День ещё передохнули и пошли. Ночевать пускали везде, никто не отказывал – война всех породнила. С едой перебои были, да и эта беда – не беда. Но уж так не неслись, как после окопов. Через неделю пришли в Пено, дальше по шпалам до Осташкова. А тут и апрель. Ляксяй, Божий человек, не ночуй за рекой – распутица.
В Осташкове в комендатуру пошли, нас там и оставили. Ночевали в камере. Расспросы-допросы пошли: «Кто? Когда? Куда? Откуда? Почему? Зачем?» Две недели хлебали баланду тюремную. Я говорила, что хочу домой в Москву. Тина в Лугу хотела, а та – под немцем. Выдали нам предписание идти в Вышний Волочёк и по прибытии явиться в милицию.

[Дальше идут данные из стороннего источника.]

text \<open>Forward push maintains the invariant
  \<open>\<pi>_d(V_i, V_j) = \<pi>hat(V_i, V_j) + \<Sum>v. r(v) \<cdot> q_j(v)\<close>,
  where \<open>q_j(v)\<close> (\<open>leaf_ppr\<close>) is the PPR from \<open>v\<close> averaged over the leaves of \<open>V_j\<close>;
  a push at \<open>v_k\<close> preserves it because \<open>q_j\<close> satisfies the one-step recurrence of PPR.
  Each push removes the mass \<open>\<alpha> r(v_k) > \<alpha> r_max\<close> from the nonnegative total residue,
  so the procedure terminates. At termination \<open>r(v) \<le> d(v) r_max\<close>, hence the error
  \<open>\<Sum>v. r(v) q_j(v)\<close> is at most \<open>r_max \<Sum>v. d(v) q_j(v) = r_max m \<tau>_j \<le> \<epsilon>\<delta>\<close>.\<close>

lemma outN_subset: "graph_ok V E \<Longrightarrow> outN E u \<subseteq> V"
  unfolding graph_ok_def outN_def by auto

lemma walkprob_bounds:
  assumes "graph_ok V E"
  shows "0 \<le> walkprob E l u v \<and> walkprob E l u v \<le> 1"
proof (induction l arbitrary: u)
  case 0
  show ?case by simp
next
  case (Suc l)
  have "(\<Sum>w\<in>outN E u. walkprob E l w v / real (deg E u)) \<le> (\<Sum>w\<in>outN E u. 1 / real (deg E u))"
    by (rule sum_mono, rule divide_right_mono) (use Suc.IH in auto)
  also have "\<dots> \<le> 1" by (simp add: deg_def)
  finally show ?case
    using Suc.IH by (auto intro!: sum_nonneg divide_nonneg_nonneg)
qed

lemma summable_ppr:
  assumes "graph_ok V E" "0 < \<alpha>" "\<alpha> < 1"
  shows "summable (\<lambda>l. \<alpha> * (1 - \<alpha>) ^ l * walkprob E l u v)"
proof (rule summable_comparison_test'[where g = "\<lambda>l. \<alpha> * (1 - \<alpha>) ^ l" and N = 0])
  show "summable (\<lambda>l. \<alpha> * (1 - \<alpha>) ^ l)"
    using assms by (intro summable_mult summable_geometric) auto
  fix n
  have "0 \<le> walkprob E n u v" "walkprob E n u v \<le> 1" "0 \<le> \<alpha> * (1 - \<alpha>) ^ n"
    using walkprob_bounds[OF assms(1)] assms(2,3) by auto
  then show "norm (\<alpha> * (1 - \<alpha>) ^ n * walkprob E n u v) \<le> \<alpha> * (1 - \<alpha>) ^ n"
    by (simp add: mult_left_le)
qed

lemma ppr_nonneg:
  assumes "graph_ok V E" "0 < \<alpha>" "\<alpha> < 1"
  shows "0 \<le> ppr E \<alpha> u v"
  unfolding ppr_def using summable_ppr[OF assms] walkprob_bounds[OF assms(1)] assms
  by (intro suminf_nonneg) auto

lemma ppr_unfold:
  assumes "graph_ok V E" "0 < \<alpha>" "\<alpha> < 1"
  shows "ppr E \<alpha> u v = \<alpha> * (if u = v then 1 else 0)
      + (1 - \<alpha>) / real (deg E u) * (\<Sum>w\<in>outN E u. ppr E \<alpha> w v)"
proof -
  define f where "f l = \<alpha> * (1 - \<alpha>) ^ l * walkprob E l u v" for l
  have head: "ppr E \<alpha> u v = f 0 + (\<Sum>n. f (Suc n))"
    using suminf_split_head[OF summable_ppr[OF assms]] by (simp add: ppr_def f_def)
  have "f (Suc n) = (1 - \<alpha>) / real (deg E u) *
      (\<Sum>w\<in>outN E u. \<alpha> * (1 - \<alpha>) ^ n * walkprob E n w v)" for n
    by (simp add: f_def sum_distrib_left sum_divide_distrib mult_ac)
  moreover have "(\<Sum>n. \<Sum>w\<in>outN E u. \<alpha> * (1 - \<alpha>) ^ n * walkprob E n w v)
      = (\<Sum>w\<in>outN E u. ppr E \<alpha> w v)"
    unfolding ppr_def by (rule suminf_sum) (rule summable_ppr[OF assms])
  ultimately have "(\<Sum>n. f (Suc n)) = (1 - \<alpha>) / real (deg E u) * (\<Sum>w\<in>outN E u. ppr E \<alpha> w v)"
    by (simp only:) (subst suminf_mult, auto intro!: summable_sum summable_ppr[OF assms])
  then show ?thesis using head by (simp add: f_def)
qed

definition leaf_ppr :: "('v \<times> 'v) set \<Rightarrow> real \<Rightarrow> ('s \<Rightarrow> 'v set) \<Rightarrow> 's \<Rightarrow> 'v \<Rightarrow> real" where
  "leaf_ppr E \<alpha> F j v = (\<Sum>t\<in>F j. ppr E \<alpha> v t) / real (card (F j))"

lemma leaf_ppr_nonneg:
  assumes "graph_ok V E" "0 < \<alpha>" "\<alpha> < 1"
  shows "0 \<le> leaf_ppr E \<alpha> F j v"
  unfolding leaf_ppr_def using ppr_nonneg[OF assms] by (auto intro!: sum_nonneg divide_nonneg_nonneg)

lemma leaf_ppr_unfold:
  assumes "graph_ok V E" "0 < \<alpha>" "\<alpha> < 1" "finite (F j)"
  shows "leaf_ppr E \<alpha> F j u = \<alpha> * (if u \<in> F j then 1 else 0) / real (card (F j))
     + (1 - \<alpha>) / real (deg E u) * (\<Sum>w\<in>outN E u. leaf_ppr E \<alpha> F j w)"
proof -
  have "(\<Sum>t\<in>F j. ppr E \<alpha> u t) = (\<Sum>t\<in>F j. \<alpha> * (if u = t then 1 else 0)
      + (1 - \<alpha>) / real (deg E u) * (\<Sum>w\<in>outN E u. ppr E \<alpha> w t))"
    by (rule sum.cong[OF refl], rule ppr_unfold[OF assms(1-3)])
  also have "\<dots> = \<alpha> * (if u \<in> F j then 1 else 0)
      + (1 - \<alpha>) / real (deg E u) * (\<Sum>w\<in>outN E u. \<Sum>t\<in>F j. ppr E \<alpha> w t)"
    using assms(4)
    by (simp add: sum.distrib sum_divide_distrib[symmetric] sum_distrib_left[symmetric]
        sum.swap[of _ "F j"])
  finally show ?thesis unfolding leaf_ppr_def
    by (simp add: sum_divide_distrib[symmetric] add_divide_distrib)
qed

lemma degree_weighted_leaf_ppr:
  assumes "card E \<noteq> 0"
  shows "(\<Sum>v\<in>V. real (deg E v) * leaf_ppr E \<alpha> F j v) = real (card E) * dpagerank V E \<alpha> F j"
proof -
  have "(\<Sum>v\<in>V. real (deg E v) * leaf_ppr E \<alpha> F j v)
      = (\<Sum>v\<in>V. \<Sum>t\<in>F j. ppr_d E \<alpha> v t) / real (card (F j))"
    unfolding leaf_ppr_def ppr_d_def sum_divide_distrib
    by (rule sum.cong) (simp_all add: sum_distrib_left)
  also have "\<dots> = real (card E) * dpagerank V E \<alpha> F j"
    unfolding dpagerank_def using assms by (simp add: sum.swap[of _ V])
  finally show ?thesis .
qed

lemma sum_push_update:
  fixes r g :: "'v \<Rightarrow> real"
  assumes "finite V" "vk \<in> V" "U \<subseteq> V" "vk \<notin> U"
  shows "(\<Sum>w\<in>V. ((\<lambda>w. r w + (if w \<in> U then c else 0))(vk := 0)) w * g w)
       = (\<Sum>w\<in>V. r w * g w) - r vk * g vk + c * (\<Sum>w\<in>U. g w)"
proof -
  have "((\<lambda>w. r w + (if w \<in> U then c else 0))(vk := 0)) w * g w
      = r w * g w - (if w = vk then r vk * g vk else 0) + (if w \<in> U then c * g w else 0)" for w
    using assms(4) by (auto simp: algebra_simps)
  moreover have "(\<Sum>w\<in>V. if w \<in> U then c * g w else 0) = c * (\<Sum>w\<in>U. g w)"
    using assms(1,3) by (simp add: sum.inter_restrict[symmetric] Int_absorb1 sum_distrib_left)
  ultimately show ?thesis
    using assms(1,2) by (simp add: sum.distrib sum_subtractf)
qed

definition gfp_invariant :: "'v set \<Rightarrow> ('v \<times> 'v) set \<Rightarrow> real \<Rightarrow> 's set \<Rightarrow> ('s \<Rightarrow> 'v set) \<Rightarrow> 's
   \<Rightarrow> ('s \<Rightarrow> real) \<times> ('v \<Rightarrow> real) \<Rightarrow> bool" where
  "gfp_invariant V E \<alpha> S F i st \<longleftrightarrow> (\<forall>v. 0 \<le> snd st v) \<and>
     (\<forall>j\<in>S. ppr_d_super E \<alpha> F i j = fst st j + (\<Sum>v\<in>V. snd st v * leaf_ppr E \<alpha> F j v))"

lemma gfp_invariant_init:
  assumes G: "graph_ok V E" and SN: "supernodes_ok V S F" and i: "i \<in> S"
  shows "gfp_invariant V E \<alpha> S F i (gfp_init E F i)"
proof -
  have finV: "finite V" using G unfolding graph_ok_def by blast
  have FiV: "F i \<subseteq> V" using SN i unfolding supernodes_ok_def by blast
  have "(\<Sum>v\<in>V. snd (gfp_init E F i) v * leaf_ppr E \<alpha> F j v)
      = (\<Sum>v\<in>F i. real (deg E v) / real (card (F i)) * leaf_ppr E \<alpha> F j v)" for j
  proof -
    have "(\<Sum>v\<in>V. snd (gfp_init E F i) v * leaf_ppr E \<alpha> F j v)
        = (\<Sum>v\<in>V. if v \<in> F i then real (deg E v) / real (card (F i)) * leaf_ppr E \<alpha> F j v else 0)"
      by (rule sum.cong) (simp_all add: gfp_init_def)
    also have "\<dots> = (\<Sum>v\<in>V \<inter> F i. real (deg E v) / real (card (F i)) * leaf_ppr E \<alpha> F j v)"
      by (rule sum.inter_restrict[OF finV, symmetric])
    finally show ?thesis using FiV by (simp add: Int_absorb1)
  qed
  moreover have "ppr_d_super E \<alpha> F i j
      = (\<Sum>v\<in>F i. real (deg E v) / real (card (F i)) * leaf_ppr E \<alpha> F j v)" for j
    unfolding ppr_d_super_def ppr_d_def leaf_ppr_def sum_divide_distrib
    by (rule sum.cong) (simp_all add: sum_distrib_left)
  ultimately show ?thesis
    unfolding gfp_invariant_def by (auto simp: gfp_init_def)
qed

Серёньке год исполнился. Перед Вышним Волочком у Серёньки жар поднялся. Застряли мы на неделю. Тина без меня не хотела идти, одна с двумя детьми. Пустили нас старики – дед с бабкой. Привела бабка старуху-знахарку, та всяких трав принесла, велела заваривать и поить Серёньку.
Гадала на Петю каждый день и Тине гадала. Бабка растрезвонила по деревне – и пошли бабы ко мне. Я ничего не просила, а что давали, брала, не отказывалась. Приносили хлеб, картошку, капусту, рыбу сухую солёную.

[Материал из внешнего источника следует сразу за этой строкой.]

(* Let $\rho, \alpha,\gamma > 0$ with $\rho + \alpha \leq \frac{1}{100}$ and $\gamma \leq \frac{1}{30}$. Let $G$ be an $(n,d,\lambda)$-graph with $n$ even and $\lambda \leq \frac{d}{12}$. Then for every balanced bipartition $\{X,Y\}$ of $V(G)$, the bipartite graph $G[X,Y]$ is $(d,\rho,\alpha,\gamma)$-good.
   Context: For a graph $G$ on $n$ vertices with adjacency matrix eigenvalues $\lambda_1\geq\dots\geq\lambda_n$, $\lambda(G):=\max\{|\lambda_2|,|\lambda_n|\}$; an $(n,d,\lambda)$-graph is a $d$-regular simple graph on $n$ vertices with $\lambda(G)\leq\lambda$. A balanced bipartition $\{X,Y\}$ has $|X|=|Y|$. For disjoint $X,Y$, $G[X,Y]$ is the bipartite graph on $X\cup Y$ of all edges of $G$ between $X$ and $Y$. For a function $f:V(H)\to\mathbb N$, an $f$-factor of $H$ is a spanning subgraph in which every vertex $v$ has degree exactly $f(v)$; for $S\subseteq V(H)$, $f(S):=\sum_{v\in S}f(v)$. For a subgraph $F\subseteq H$, $H\setminus F$ is the spanning subgraph with edge set $E(H)\setminus E(F)$. Definition (robustly matchable): a balanced bipartite graph $H=(X\cup Y,E)$ is $(d,\rho,\alpha,\gamma)$-robustly matchable if for every subgraph $F\subseteq H$ of maximum degree at most $\rho d$ and every real $0<\alpha'\leq\alpha$, the graph $H\setminus F$ has an $f$-factor for every integer-valued function $f:X\cup Y\to[(1-\gamma)\alpha' d,\alpha' d]$ with $f(X)=f(Y)$. Definition (good): a balanced bipartite graph $H=(X\cup Y,E)$ is $(d,\rho,\alpha,\gamma)$-good if for all $X'\subseteq X$, $Y'\subseteq Y$ with $|X'|=|Y'|$ and minimum degree $\delta(H[X',Y'])\geq\frac d5$, the graph $H[X',Y']$ is $(d,\rho,\alpha,\gamma)$-robustly matchable. *)

theory Defs
  imports "Jordan_Normal_Form.Char_Poly" "HOL-Computational_Algebra.Polynomial" "HOL-Library.Multiset"
begin

definition simple_graph :: "nat \<Rightarrow> (nat \<Rightarrow> nat \<Rightarrow> bool) \<Rightarrow> bool" where
  "simple_graph n E \<longleftrightarrow> (\<forall>u v. E u v \<longrightarrow> u < n \<and> v < n) \<and> (\<forall>u v. E u v \<longrightarrow> E v u) \<and> (\<forall>v. \<not> E v v)"

definition regular :: "nat \<Rightarrow> (nat \<Rightarrow> nat \<Rightarrow> bool) \<Rightarrow> nat \<Rightarrow> bool" where
  "regular n E d \<longleftrightarrow> (\<forall>v < n. card {u. u < n \<and> E v u} = d)"

definition adj_matrix :: "nat \<Rightarrow> (nat \<Rightarrow> nat \<Rightarrow> bool) \<Rightarrow> real mat" where
  "adj_matrix n E = mat n n (\<lambda>(i, j). if E i j then 1 else 0)"

text \<open>Eigenvalues with multiplicity (roots of the characteristic polynomial), in non-increasing order
  lambda_1 >= ... >= lambda_n (list index 0 .. n-1).\<close>
definition eigs :: "nat \<Rightarrow> (nat \<Rightarrow> nat \<Rightarrow> bool) \<Rightarrow> real list" where
  "eigs n E = rev (sorted_list_of_multiset (proots (char_poly (adj_matrix n E))))"

definition graph_lambda :: "nat \<Rightarrow> (nat \<Rightarrow> nat \<Rightarrow> bool) \<Rightarrow> real" where
  "graph_lambda n E = max \<bar>eigs n E ! 1\<bar> \<bar>eigs n E ! (n - 1)\<bar>"

definition ndl_graph :: "nat \<Rightarrow> nat \<Rightarrow> real \<Rightarrow> (nat \<Rightarrow> nat \<Rightarrow> bool) \<Rightarrow> bool" where
  "ndl_graph n d lam E \<longleftrightarrow> simple_graph n E \<and> regular n E d \<and> graph_lambda n E \<le> lam"

text \<open>Bipartite graphs: edge sets are sets of pairs (x,y) with x in X and y in Y.
  G[X,Y] is the bipartite graph of all edges of G between X and Y.\<close>
definition bip_edges :: "(nat \<Rightarrow> nat \<Rightarrow> bool) \<Rightarrow> nat set \<Rightarrow> nat set \<Rightarrow> (nat \<times> nat) set" where
  "bip_edges E X Y = {(x, y). x \<in> X \<and> y \<in> Y \<and> E x y}"

definition bdeg :: "(nat \<times> nat) set \<Rightarrow> nat \<Rightarrow> nat" where
  "bdeg S v = card {u. (v, u) \<in> S} + card {u. (u, v) \<in> S}"

definition is_f_factor :: "nat set \<Rightarrow> nat set \<Rightarrow> (nat \<times> nat) set \<Rightarrow> (nat \<Rightarrow> nat) \<Rightarrow> (nat \<times> nat) set \<Rightarrow> bool" where
  "is_f_factor X Y H f S \<longleftrightarrow> S \<subseteq> H \<and> (\<forall>v \<in> X \<union> Y. bdeg S v = f v)"

definition robustly_matchable ::
  "nat set \<Rightarrow> nat set \<Rightarrow> (nat \<times> nat) set \<Rightarrow> real \<Rightarrow> real \<Rightarrow> real \<Rightarrow> real \<Rightarrow> bool" where
  "robustly_matchable X Y H d \<rho> \<alpha> \<gamma> \<longleftrightarrow>
     (\<forall>F \<alpha>'. F \<subseteq> H \<and> (\<forall>v \<in> X \<union> Y. real (bdeg F v) \<le> \<rho> * d) \<and> 0 < \<alpha>' \<and> \<alpha>' \<le> \<alpha> \<longrightarrow>
       (\<forall>f :: nat \<Rightarrow> nat.
          (\<forall>v \<in> X \<union> Y. (1 - \<gamma>) * \<alpha>' * d \<le> real (f v) \<and> real (f v) \<le> \<alpha>' * d) \<and>
          (\<Sum>v\<in>X. f v) = (\<Sum>v\<in>Y. f v) \<longrightarrow>
          (\<exists>S. is_f_factor X Y (H - F) f S)))"

definition good :: "nat set \<Rightarrow> nat set \<Rightarrow> (nat \<times> nat) set \<Rightarrow> real \<Rightarrow> real \<Rightarrow> real \<Rightarrow> real \<Rightarrow> bool" where
  "good X Y H d \<rho> \<alpha> \<gamma> \<longleftrightarrow>
     (\<forall>X' Y'. X' \<subseteq> X \<and> Y' \<subseteq> Y \<and> card X' = card Y' \<and>
        (\<forall>v \<in> X' \<union> Y'. real (bdeg (H \<inter> (X' \<times> Y')) v) \<ge> d / 5) \<longrightarrow>
        robustly_matchable X' Y' (H \<inter> (X' \<times> Y')) d \<rho> \<alpha> \<gamma>)"

end

theory Submission
  imports Defs "Jordan_Normal_Form.Schur_Decomposition"
begin

text \<open>Let \<open>H = G[X', Y']\<close> with minimum degree \<open>d/5\<close> and let \<open>F\<close> have maximum degree \<open>\<rho>d\<close>. By an
  Ore-type criterion, proved with alternating paths, \<open>H - F\<close> has an \<open>f\<close>-factor as soon as
  \<open>f(A) \<le> f(B) + e(A, Y' - B)\<close> for all \<open>A \<subseteq> X'\<close> and \<open>B \<subseteq> Y'\<close>, where \<open>e\<close> counts edges of \<open>H - F\<close>.
  Minimum degree gives \<open>e(A, Y' - B) \<ge> |A|(d/5 - \<rho>d) - e\<^sub>G(A, B)\<close>, symmetrically for \<open>Y' - B\<close>,
  and deleting \<open>F\<close> loses at most \<open>\<rho>d\<close> edges per vertex. The expander mixing lemma, derived from
  the spectral theorem for real symmetric matrices, controls the counts \<open>e\<^sub>G\<close>; distinguishing
  whether \<open>A\<close> or \<open>Y' - B\<close> has at most \<open>n/10\<close> vertices finishes the verification.\<close>

section \<open>The spectral theorem for real symmetric matrices\<close>

lemma real_symmetric_complex_eigenvalue_real:
  fixes A :: "real mat"
  assumes A: "A \<in> carrier_mat n n" and sym: "A\<^sup>T = A"
    and ev: "eigenvector (map_mat complex_of_real A) v \<mu>"
  shows "cnj \<mu> = \<mu>"
proof -
  let ?Ac = "map_mat complex_of_real A"
  have v: "v \<in> carrier_vec n" "v \<noteq> 0\<^sub>v n" "?Ac *\<^sub>v v = \<mu> \<cdot>\<^sub>v v"
    using ev A unfolding eigenvector_def by auto
  have Aij: "A $$ (i, j) = A $$ (j, i)" if "i < n" "j < n" for i j
    using that A by (metis sym carrier_matD index_transpose_mat(1))
  have row: "(\<Sum>j<n. of_real (A $$ (i, j)) * v $ j) = \<mu> * v $ i" if i: "i < n" for i
  proof -
    have "(?Ac *\<^sub>v v) $ i = (\<Sum>j<n. of_real (A $$ (i, j)) * v $ j)"
      using i A v(1) by (auto simp: scalar_prod_def lessThan_atLeast0 intro!: sum.cong)
    then show ?thesis using v(1,3) i by simp
  qed
  define s where "s = (\<Sum>i<n. \<Sum>j<n. cnj (v $ i) * of_real (A $$ (i, j)) * v $ j)"
  define N where "N = (\<Sum>i<n. (cmod (v $ i))\<^sup>2)"
  have "s = (\<Sum>i<n. cnj (v $ i) * (\<mu> * v $ i))"
    unfolding s_def by (simp add: row sum_distrib_left mult.assoc flip: row)
  also have "\<dots> = \<mu> * of_real N"
    unfolding N_def of_real_sum sum_distrib_left
    by (intro sum.cong refl) (metis complex_norm_square mult.commute mult.left_commute)
  finally have s_eq: "s = \<mu> * of_real N" .
  have "cnj s = (\<Sum>i<n. \<Sum>j<n. v $ i * of_real (A $$ (i, j)) * cnj (v $ j))"
    unfolding s_def by simp
  also have "\<dots> = (\<Sum>j<n. \<Sum>i<n. v $ i * of_real (A $$ (i, j)) * cnj (v $ j))"
    by (rule sum.swap)
  also have "\<dots> = s" unfolding s_def
    by (intro sum.cong refl) (simp add: Aij mult.commute mult.left_commute)
  finally have "cnj s = s" .
  moreover obtain i where i: "i < n" "v $ i \<noteq> 0"
    using v(1,2) by (metis eq_vecI carrier_vecD index_zero_vec)
  then have "N > 0" unfolding N_def by (intro sum_pos2[of _ i]) auto
  ultimately show ?thesis using s_eq by (metis complex_cnj_complex_of_real complex_cnj_mult
      mult_cancel_right of_real_eq_0_iff less_irrefl)
qed

lemma real_symmetric_has_eigenvalue:
  fixes A :: "real mat"
  assumes A: "A \<in> carrier_mat n n" and sym: "A\<^sup>T = A" and n: "n > 0"
  shows "\<exists>e. eigenvalue A e"
proof -
  let ?Ac = "map_mat complex_of_real A"
  have Ac: "?Ac \<in> carrier_mat n n" using A by simp
  have cp: "char_poly ?Ac = map_poly of_real (char_poly A)"
    by (rule of_real_hom.char_poly_hom[OF A])
  have "\<not> constant (poly (char_poly ?Ac))"
    using degree_monic_char_poly[OF Ac] n by (simp add: constant_degree)
  then obtain \<mu> where \<mu>: "poly (char_poly ?Ac) \<mu> = 0"
    using fundamental_theorem_of_algebra by blast
  then obtain v where "eigenvector ?Ac v \<mu>"
    using eigenvalue_root_char_poly[OF Ac] unfolding eigenvalue_def by blast
  then have "\<mu> = of_real (Re \<mu>)"
    using real_symmetric_complex_eigenvalue_real[OF A sym] by (metis Reals_cnj_iff of_real_Re)
  then have "poly (char_poly A) (Re \<mu>) = 0"
    using \<mu> unfolding cp by (metis of_real_eq_0_iff of_real_hom.poly_map_poly)
  then show ?thesis using eigenvalue_root_char_poly[OF A] by blast
qed

lemma orthonormal_completion:
  fixes u :: "real vec"
  assumes u: "u \<in> carrier_vec n" and u1: "u \<bullet> u = 1"
  shows "\<exists>W. W \<in> carrier_mat n n \<and> W\<^sup>T * W = 1\<^sub>m n \<and> col W 0 = u"
proof -
  have u0: "u \<noteq> 0\<^sub>v n" using u1 u by auto
  interpret cof_vec_space n "TYPE(real)" .
  define b where "b = basis_completion u"
  define ws where "ws = gram_schmidt n b"
  from basis_completion[OF u u0, folded b_def]
  have dist_b: "distinct b" and indep: "\<not> lin_dep (set b)" and b: "set b \<subseteq> carrier_vec n"
    and hdb: "hd b = u" and len_b: "length b = n" by auto
  have n: "n > 0" using u0 u by (cases n) auto
  from hdb len_b n obtain vs where bv: "b = u # vs" by (cases b) auto
  from gram_schmidt_result[OF b dist_b indep refl, folded ws_def]
  have ws: "set ws \<subseteq> carrier_vec n" "corthogonal ws" "length ws = n" by (auto simp: len_b)
  have ws0: "ws ! 0 = u"
    using gram_schmidt_hd[OF u, of vs, folded bv ws_def] ws(3) n by (cases ws) auto
  have wsn: "ws ! i \<in> carrier_vec n" if "i < n" for i using ws that by auto
  have orth: "ws ! i \<bullet> ws ! j = 0 \<longleftrightarrow> i \<noteq> j" if "i < n" "j < n" for i j
    using corthogonalD[OF ws(2), of i j] that ws(3) by simp
  have pos: "ws ! i \<bullet> ws ! i > 0" if "i < n" for i
    using orth[OF that that] conjugate_square_ge_0_vec[of "ws ! i"] by (simp add: order_le_less)
  define W where "W = mat_of_cols n (map (\<lambda>w. (1 / sqrt (w \<bullet> w)) \<cdot>\<^sub>v w) ws)"
  have W: "W \<in> carrier_mat n n" unfolding W_def using mat_of_cols_carrier(1)[of n "map _ ws"] ws(3) by simp
  have colW: "col W i = (1 / sqrt (ws ! i \<bullet> ws ! i)) \<cdot>\<^sub>v ws ! i" if "i < n" for i
    unfolding W_def using that ws(3) wsn by (subst col_mat_of_cols) auto
  have "W\<^sup>T * W = 1\<^sub>m n"
  proof (rule eq_matI)
    fix i j assume "i < dim_row (1\<^sub>m n)" "j < dim_col (1\<^sub>m n)"
    then have i: "i < n" and j: "j < n" by auto
    have "(W\<^sup>T * W) $$ (i, j) = col W i \<bullet> col W j" using i j W by (simp add: row_transpose)
    also have "\<dots> = (ws ! i \<bullet> ws ! j) / (sqrt (ws ! i \<bullet> ws ! i) * sqrt (ws ! j \<bullet> ws ! j))"
      using wsn[OF i] wsn[OF j] by (simp add: colW i j)
    also have "\<dots> = 1\<^sub>m n $$ (i, j)"
      using orth[OF i j] pos[OF i] i j by (cases "i = j") (auto simp flip: real_sqrt_mult)
    finally show "(W\<^sup>T * W) $$ (i, j) = 1\<^sub>m n $$ (i, j)" .
  qed (use W in auto)
  moreover have "col W 0 = u" using colW[OF n] ws0 u1 by simp
  ultimately show ?thesis using W by blast
qed

lemma mat_diag_Suc:
  "mat_diag (Suc m) ev =
     four_block_mat (mat 1 1 (\<lambda>_. ev 0)) (0\<^sub>m 1 m) (0\<^sub>m m 1) (mat_diag m (ev \<circ> Suc))"
  by (rule eq_matI) (auto simp: mat_diag_def)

Дед Кузьма, пропахший ядрёной махрой, смотрел, смотрел на мои сапоги, в руки взял, покрутил-повертел и сказал:
– Отплясали твои сапоги – каши просят. Далеко не дойдёшь.
Он и сапоги мои починил, и ещё калоши для них старые нашёл под стряхой. Мало того, мне с Тиной лапти сплёл.
– Самая здоровая обутка – лёгкая, непотливая. До белых мух хватит, не развалятся.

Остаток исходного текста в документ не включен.